▶ **Work instructions**: Your answer must hold only the lines below from the line containing "2 - (real x" through the line containing "(metis of_int_add of_int_of_nat_eq)", each reproduced exactly.

▶ **Given records**:
——

text \<open>Removing the factor \<open>C - 6\<close> from the characteristic polynomial projects onto the
  eigenvalue \<open>6\<close>; the projection of \<open>f\<close> is nonzero as it has the same pairing with
  \<open>quadrupole N\<close> as \<open>f\<close> up to a nonzero factor.\<close>
lemma casimir_poly_quadrupole_projection:
  assumes N: "N \<ge> 2" and f: "pairing N f (quadrupole N) \<noteq> 0"
  shows "\<exists>c. c \<noteq> 0 \<and> agree_upto N (casimir_poly N ([0, 1] @ [3..<Suc N]) f) (\<lambda>x. c * quadrupole N x)"
proof -
  define w where "w = casimir_poly N ([0, 1] @ [3..<Suc N]) f"
  have "[0..<Suc N] = [0..<3] @ [3..<Suc N]"
    using N upt_add_eq_append[of 0 3 "Suc N - 3"] by simp
  also have "[0..<3] = [0, 1, 2]" by (simp add: numeral_3_eq_3)
  finally have "[0..<Suc N] = [0, 1, 2] @ [3..<Suc N]" .
  then have w_eq: "casimir_shift N (casimir_eigenvalue 2) w = casimir_poly N [0..<Suc N] f"
    unfolding w_def
    by (simp only: casimir_poly_append casimir_poly_Cons casimir_poly_Nil append_Cons append_Nil
        casimir_shift_commute[of N "casimir_eigenvalue 2"])
  have eig: "casimir N w x = 6 * w x" if "x \<le> N" for x
    using fun_cong[OF w_eq, of x] casimir_poly_annihilates[of N f] that
    by (simp add: agree_upto_def casimir_shift_def casimir_eigenvalue_def)
  define c where "c = w 0 / quadrupole N 0"
  have w: "w x = c * quadrupole N x" if "x \<le> N" for x
    unfolding c_def by (rule casimir_eigenfunction_unique[OF N eig that])
  have "pairing N w (quadrupole N) = (\<Prod>k\<leftarrow>[0, 1] @ [3..<Suc N]. 6 - casimir_eigenvalue k) * pairing N f (quadrupole N)"
    unfolding w_def using N by (intro pairing_casimir_poly_quadrupole) simp
  also have "\<dots> \<noteq> 0"
    using f by (auto simp: prod_list_zero_iff casimir_eigenvalue_eq_6_iff)
  finally have "c \<noteq> 0"
    unfolding pairing_def using w by (metis (no_types, lifting) atMost_iff mult_zero_left sum.neutral)
  then show ?thesis using w unfolding w_def agree_upto_def by blast
qed

lemma diag_lie_bracket_Jplus_Jminus:
  assumes i: "i < d"
  shows "lie_bracket (Jplus d) (lie_bracket (Jminus d) (mat_diag d f)) $$ (i,i) = casimir (d - 1) f i"
proof -
  define Z where "Z = lie_bracket (Jminus d) (mat_diag d f)"
  have Z: "Z \<in> carrier_mat d d" unfolding Z_def by (simp add: lie_bracket_carrier)
  have Z_index: "Z $$ (a,b) = (if b = a + 1 then ladder_coeff d a * (f b - f a) else 0)" if "a < d" "b < d" for a b
    using that unfolding Z_def
    by (auto simp: Jminus_mult_index mult_mat_diag_index mult_Jminus_index mat_diag_mult_index index_Jminus
        algebra_simps)
  have "lie_bracket (Jplus d) Z $$ (i,i)
      = (if i \<ge> 1 then ladder_coeff d (i - 1) * ladder_coeff d (i - 1) * (f i - f (i - 1)) else 0)
      - (if i + 1 < d then ladder_coeff d i * ladder_coeff d i * (f (i + 1) - f i) else 0)"
    using i by (simp add: index_lie_bracket[OF Jplus_carrier Z i i] Jplus_mult_index[OF Z] mult_Jplus_index[OF Z] Z_index)
  also have "\<dots> = casimir (d - 1) f i"
  proof -
    have "(if i \<ge> 1 then ladder_coeff d (i - 1) * ladder_coeff d (i - 1) * (f i - f (i - 1)) else 0)
        = of_nat ((d - 1 + 1 - i) * i) * (f i - f (i - 1))"
      by (cases i) (simp_all add: ladder_coeff_sq)
    moreover have "(if i + 1 < d then ladder_coeff d i * ladder_coeff d i * (f (i + 1) - f i) else 0)
        = of_nat ((d - 1 - i) * (i + 1)) * (f (i + 1) - f i)"
      using i by (cases "i + 1 < d") (simp_all add: ladder_coeff_sq)
    ultimately show ?thesis by (simp only: casimir_def)
  qed
  finally show ?thesis unfolding Z_def .
qed

context spin_lie_algebra
begin

lemma casimir_closed:
  assumes "mat_diag d f \<in> M" shows "mat_diag d (casimir (d - 1) f) \<in> M"
proof -
  have "lie_bracket (Jplus d) (lie_bracket (Jminus d) (mat_diag d f)) \<in> M"
    using assms by (intro bracket_closed Jplus_mem Jminus_mem)
  then have "mat_diag d (\<lambda>i. lie_bracket (Jplus d) (lie_bracket (Jminus d) (mat_diag d f)) $$ (i,i)) \<in> M"
    by (rule diag_closed)
  moreover have "mat_diag d (\<lambda>i. lie_bracket (Jplus d) (lie_bracket (Jminus d) (mat_diag d f)) $$ (i,i))
      = mat_diag d (casimir (d - 1) f)"
    by (intro eq_matI) (simp_all add: diag_lie_bracket_Jplus_Jminus del: index_minus_mat)
  ultimately show ?thesis by simp
qed

lemma casimir_poly_closed:
  assumes "mat_diag d f \<in> M" shows "mat_diag d (casimir_poly (d - 1) ks f) \<in> M"
proof (induction ks)
  case (Cons k ks)
  have "mat_diag d (casimir (d - 1) (casimir_poly (d - 1) ks f))
      + (- casimir_eigenvalue k) \<cdot>\<^sub>m mat_diag d (casimir_poly (d - 1) ks f) \<in> M"
    using Cons.IH by (intro add_closed smult_closed casimir_closed)
  moreover have "mat_diag d (casimir (d - 1) (casimir_poly (d - 1) ks f))
      + (- casimir_eigenvalue k) \<cdot>\<^sub>m mat_diag d (casimir_poly (d - 1) ks f)
      = mat_diag d (casimir_poly (d - 1) (k # ks) f)"
    by (intro eq_matI) (auto simp: casimir_shift_def)
  ultimately show ?case by simp
qed (use assms in simp)

lemma quadrupole_closed:
  assumes f: "mat_diag d f \<in> M" and d: "d \<ge> 3" and pairing: "pairing (d - 1) f (quadrupole (d - 1)) \<noteq> 0"
  shows "mat_diag d (quadrupole (d - 1)) \<in> M"
proof -
  let ?ks = "[0, 1] @ [3..<d]"
  have N: "d - 1 \<ge> 2" and d1: "Suc (d - 1) = d" using d by simp_all
  from casimir_poly_quadrupole_projection[OF N pairing, unfolded d1] obtain c where c: "c \<noteq> 0"
    "agree_upto (d - 1) (casimir_poly (d - 1) ?ks f) (\<lambda>x. c * quadrupole (d - 1) x)"
    by blast
  have "(1 / c) \<cdot>\<^sub>m mat_diag d (casimir_poly (d - 1) ?ks f) \<in> M"
    by (intro smult_closed casimir_poly_closed[OF f])
  moreover have "(1 / c) \<cdot>\<^sub>m mat_diag d (casimir_poly (d - 1) ?ks f) = mat_diag d (quadrupole (d - 1))"
    using c by (intro eq_matI) (auto simp: agree_upto_def)
  ultimately show ?thesis by simp
qed

text \<open>Projecting \<open>J\<^sub>\<plusminus>\<close> onto the eigenvalues of \<open>ad (diag g)\<close> isolates its entries one at a time.\<close>
lemma adjacent_mat_units_closed:
  assumes D: "mat_diag d g \<in> M"
    and gaps: "\<And>j k. g (j + 1) - g j = g (k + 1) - g k \<Longrightarrow> j = k"
    and k: "k + 1 < d"
  shows "mat_unit d (k + 1) k \<in> M" "mat_unit d k (k + 1) \<in> M"
proof -
  let ?c = "g (k + 1) - g k"
  have c: "ladder_coeff d k \<noteq> 0" by (rule ladder_coeff_nonzero[OF k])
  have "(1 / ladder_coeff d k) \<cdot>\<^sub>m mat d d (\<lambda>(i,j). if g i - g j = ?c then Jplus d $$ (i,j) else 0) \<in> M"
    by (intro smult_closed ad_diag_eigencomponent_closed[OF D Jplus_mem])
  then show "mat_unit d (k + 1) k \<in> M"
  proof (rule mem_if_entries_eq)
    fix i j assume ij: "i < d" "j < d"
    show "mat_unit d (k + 1) k $$ (i,j) = ((1 / ladder_coeff d k) \<cdot>\<^sub>m
        mat d d (\<lambda>(i,j). if g i - g j = ?c then Jplus d $$ (i,j) else 0)) $$ (i,j)"
      using ij c gaps[of j k] by (auto simp: index_Jplus)
  qed simp
  have "(1 / ladder_coeff d k) \<cdot>\<^sub>m mat d d (\<lambda>(i,j). if g i - g j = - ?c then Jminus d $$ (i,j) else 0) \<in> M"
    by (intro smult_closed ad_diag_eigencomponent_closed[OF D Jminus_mem])
  then show "mat_unit d k (k + 1) \<in> M"
  proof (rule mem_if_entries_eq)
    fix i j assume ij: "i < d" "j < d"
    have "g i - g (i + 1) = - ?c \<longleftrightarrow> g (i + 1) - g i = ?c" by (metis minus_diff_eq neg_equal_iff_equal)
    then have "g i - g (i + 1) = - ?c \<longleftrightarrow> i = k" using gaps[of i k] by auto
    then show "mat_unit d k (k + 1) $$ (i,j) = ((1 / ladder_coeff d k) \<cdot>\<^sub>m
        mat d d (\<lambda>(i,j). if g i - g j = - ?c then Jminus d $$ (i,j) else 0)) $$ (i,j)"
      using ij c by (auto simp: index_Jminus)
  qed simp
qed

lemma quadrupole_gaps_distinct:
  "quadrupole N (j + 1) - quadrupole N j = quadrupole N (k + 1) - quadrupole N k \<Longrightarrow> j = k"
  by (simp add: quadrupole_def power2_eq_square algebra_simps)

lemma traceless_closed_if_quadrupole_pairing:
  assumes "mat_diag d f \<in> M" "d \<ge> 3" "pairing (d - 1) f (quadrupole (d - 1)) \<noteq> 0"
    and "A \<in> carrier_mat d d" "trace A = 0"
  shows "A \<in> M"
proof (rule traceless_closed)
  have D: "mat_diag d (quadrupole (d - 1)) \<in> M" by (rule quadrupole_closed[OF assms(1-3)])
  show "mat_unit d (k + 1) k \<in> M" "mat_unit d k (k + 1) \<in> M" if "k + 1 < d" for k
    using adjacent_mat_units_closed[OF D quadrupole_gaps_distinct that] by auto
qed (use assms in auto)

end

section \<open>Clebsch--Gordan coefficients of rank 2\<close>

lemma rfact_nat[simp]: "rfact (real n) = fact n"
  by (simp add: rfact_def)

lemma rfact_int: "rfact (real_of_int k) = fact (nat k)"
  by (simp add: rfact_def)

lemma fact_reduce_1: "n \<ge> 1 \<Longrightarrow> (fact n :: real) = real n * fact (n - 1)"
  by (simp add: fact_reduce)

lemma fact_reduce_2: "n \<ge> 2 \<Longrightarrow> (fact n :: real) = real n * real (n - 1) * fact (n - 2)"
  by (auto simp: numeral_2_eq_2 fact_Suc dest!: le_Suc_ex)

lemma sqrt_mult_square: "c \<ge> 0 \<Longrightarrow> sqrt (k * c\<^sup>2) = sqrt k * (c::real)"
  by (simp add: real_sqrt_mult)

text \<open>The square-root prefactor of Racah's formula for \<open>j\<^sub>1 = 2\<close> and \<open>j\<^sub>2 = j = N/2\<close>.\<close>
definition cg2_norm :: "nat \<Rightarrow> real" where
  "cg2_norm N = sqrt ((real N + 1) * 2 * fact (N - 2) * 2 / fact (N + 3))"

lemma cg2_norm_pos: "cg2_norm N > 0"
  unfolding cg2_norm_def by simp

text \<open>The sum in Racah's formula for \<open>\<langle>N/2, y - N/2 | 2, q; N/2, x - N/2\<rangle>\<close>, \<open>y = x + q\<close>.\<close>
definition racah_term :: "int \<Rightarrow> nat \<Rightarrow> nat \<Rightarrow> nat \<Rightarrow> real" where
  "racah_term q N x t = (-1) ^ t / (fact t * fact (2 - t) * fact (nat (2 - q - int t)) * fact (x - t)
     * fact (nat (q + int t)) * fact (N + t - x - 2))"

definition racah_sum :: "int \<Rightarrow> nat \<Rightarrow> nat \<Rightarrow> real" where
  "racah_sum q N x = (\<Sum>t \<in> {t \<in> {0..2}. int t \<le> 2 - q \<and> t \<le> x \<and> 0 \<le> q + int t \<and> x + 2 \<le> N + t}.
     racah_term q N x t)"

lemma racah_sum_expand:
  "racah_sum q N x =
    (if 0 \<le> 2 - q \<and> 0 \<le> q \<and> x + 2 \<le> N then racah_term q N x 0 else 0)
    + (if 1 \<le> 2 - q \<and> 1 \<le> x \<and> 0 \<le> q + 1 \<and> x + 1 \<le> N then racah_term q N x 1 else 0)
    + (if 2 \<le> 2 - q \<and> 2 \<le> x \<and> 0 \<le> q + 2 \<and> x \<le> N then racah_term q N x 2 else 0)"
  unfolding racah_sum_def
  by (subst sum.inter_filter) (simp_all add: numeral_2_eq_2 atLeast0_atMost_Suc)

context
  fixes N x y :: nat and q :: int
  assumes N: "N \<ge> 2" and x: "x \<le> N" and y: "y \<le> N" and yq: "int y = int x + q" and q: "-2 \<le> q" "q \<le> 2"
begin

lemma clebsch_gordan_2_admissible:
  "real y - real N / 2 = real_of_int q + (real x - real N / 2) \<and> \<bar>real_of_int q\<bar> \<le> 2
    \<and> \<bar>real x - real N / 2\<bar> \<le> real N / 2 \<and> \<bar>real y - real N / 2\<bar> \<le> real N / 2
    \<and> \<bar>2 - real N / 2\<bar> \<le> real N / 2 \<and> real N / 2 \<le> 2 + real N / 2 \<and> 2 + real N / 2 + real N / 2 \<in> \<int>
    \<and> 2 - real_of_int q \<in> \<int> \<and> 2 + real_of_int q \<in> \<int>
    \<and> real N / 2 - (real x - real N / 2) \<in> \<int> \<and> real N / 2 + (real x - real N / 2) \<in> \<int>
    \<and> real N / 2 - (real y - real N / 2) \<in> \<int> \<and> real N / 2 + (real y - real N / 2) \<in> \<int>"
proof -
  have "real y = real x + real_of_int q" using yq by (metis of_int_add of_int_of_nat_eq)
  moreover have "real x \<le> real N" "real y \<le> real N" "2 \<le> real N" "\<bar>real_of_int q\<bar> \<le> 2"
    using x y N q by auto
  ultimately show ?thesis
    by (auto simp: abs_if intro: Ints_add Ints_diff Ints_of_nat Ints_of_int)
qed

——

▶ **Response to the task**:
    \<and> real N / 2 - (real x - real N / 2) \<in> \<int> \<and> real N / 2 + (real x - real N / 2) \<in> \<int>
    \<and> real N / 2 - (real y - real N / 2) \<in> \<int> \<and> real N / 2 + (real y - real N / 2) \<in> \<int>"
proof -
  have "real y = real x + real_of_int q" using yq by (metis of_int_add of_int_of_nat_eq)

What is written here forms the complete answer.